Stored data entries
theorem claim1p14:
  fixes k :: nat and S :: "'a set" and a :: "(nat \<Rightarrow> 'a) list \<Rightarrow> nat \<Rightarrow> int"
    and U :: "(nat \<Rightarrow> 'a) set"
  assumes "U \<subseteq> {eta. range eta \<subseteq> S}"
    and "sucN_le (Suc k) (BNF_Cardinal_Arithmetic.csum (card_of S) natLeq) U"
  shows "\<not> free_abelian (GU k (full_Lambda k S) a U)"
proof
  define L where "L = full_Lambda k S"
  assume "free_abelian (GU k (full_Lambda k S) a U)"
  then obtain B :: "('a gen \<Rightarrow>\<^sub>0 int) set set" and \<phi>
    where "\<phi> \<in> iso (GU k L a U) (free_Abelian_group B)"
    unfolding free_abelian_def is_iso_def L_def by blast
  define \<theta> where "\<theta> = \<phi> \<circ> Gx_proj k L a"
  note presentation = free_GU_presentation[OF \<open>\<phi> \<in> _\<close>, folded \<theta>_def]
  obtain pre where pre: "\<And>b. b \<in> B
      \<Longrightarrow> Poly_Mapping.keys (pre b) \<subseteq> gens_U k L U \<and> \<theta> (pre b) = frag_of b"
    using presentation(3) by metis
  define C where "C xs = (\<Union>g\<in>zx_gens_of k xs. Poly_Mapping.keys (\<theta> (frag_of g)))" for xs
  obtain xs where xs: "length xs = Suc k" "set xs \<subseteq> U"
    and avoid: "\<And>b. b \<in> C xs \<Longrightarrow> \<not> set xs \<subseteq> (\<Union>h\<in>Poly_Mapping.keys (pre b). Yg_entries h)"
    unfolding C_def
    by (rule exists_tuple_avoiding[OF assms, where K = "\<lambda>g. Poly_Mapping.keys (\<theta> (frag_of g))"
          and J = "\<lambda>b. \<Union>h\<in>Poly_Mapping.keys (pre b). Yg_entries h"])
      (simp_all add: finite_Yg_entries)
  have "xs \<in> L" unfolding L_def using xs assms(1) by (rule tuple_in_full_Lambda)
  have "Poly_Mapping.keys (\<theta> (frag_of (Yg xs 0))) \<subseteq> C xs"
    unfolding C_def by (rule keys_image_Yg_0_subset[OF presentation(1,2) \<open>xs \<in> L\<close> xs(2)])
  moreover have "\<not> Poly_Mapping.keys (\<theta> (frag_of (Yg xs 0))) \<subseteq> C xs"
    by (rule keys_image_Yg_0_not_subset[OF presentation(1,2) \<open>xs \<in> L\<close> xs(2) pre avoid])
  ultimately show False by (rule notE[rotated])
qed

end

Requirement
Please output every record, keeping each line exact.

Exercise answer
theorem claim1p14:
  fixes k :: nat and S :: "'a set" and a :: "(nat \<Rightarrow> 'a) list \<Rightarrow> nat \<Rightarrow> int"
    and U :: "(nat \<Rightarrow> 'a) set"
  assumes "U \<subseteq> {eta. range eta \<subseteq> S}"
    and "sucN_le (Suc k) (BNF_Cardinal_Arithmetic.csum (card_of S) natLeq) U"
  shows "\<not> free_abelian (GU k (full_Lambda k S) a U)"
proof
  define L where "L = full_Lambda k S"
  assume "free_abelian (GU k (full_Lambda k S) a U)"
  then obtain B :: "('a gen \<Rightarrow>\<^sub>0 int) set set" and \<phi>
    where "\<phi> \<in> iso (GU k L a U) (free_Abelian_group B)"
    unfolding free_abelian_def is_iso_def L_def by blast
  define \<theta> where "\<theta> = \<phi> \<circ> Gx_proj k L a"
  note presentation = free_GU_presentation[OF \<open>\<phi> \<in> _\<close>, folded \<theta>_def]
  obtain pre where pre: "\<And>b. b \<in> B
      \<Longrightarrow> Poly_Mapping.keys (pre b) \<subseteq> gens_U k L U \<and> \<theta> (pre b) = frag_of b"
    using presentation(3) by metis
  define C where "C xs = (\<Union>g\<in>zx_gens_of k xs. Poly_Mapping.keys (\<theta> (frag_of g)))" for xs
  obtain xs where xs: "length xs = Suc k" "set xs \<subseteq> U"
    and avoid: "\<And>b. b \<in> C xs \<Longrightarrow> \<not> set xs \<subseteq> (\<Union>h\<in>Poly_Mapping.keys (pre b). Yg_entries h)"
    unfolding C_def
    by (rule exists_tuple_avoiding[OF assms, where K = "\<lambda>g. Poly_Mapping.keys (\<theta> (frag_of g))"
          and J = "\<lambda>b. \<Union>h\<in>Poly_Mapping.keys (pre b). Yg_entries h"])
      (simp_all add: finite_Yg_entries)
  have "xs \<in> L" unfolding L_def using xs assms(1) by (rule tuple_in_full_Lambda)
  have "Poly_Mapping.keys (\<theta> (frag_of (Yg xs 0))) \<subseteq> C xs"
    unfolding C_def by (rule keys_image_Yg_0_subset[OF presentation(1,2) \<open>xs \<in> L\<close> xs(2)])
  moreover have "\<not> Poly_Mapping.keys (\<theta> (frag_of (Yg xs 0))) \<subseteq> C xs"
    by (rule keys_image_Yg_0_not_subset[OF presentation(1,2) \<open>xs \<in> L\<close> xs(2) pre avoid])
  ultimately show False by (rule notE[rotated])
qed

end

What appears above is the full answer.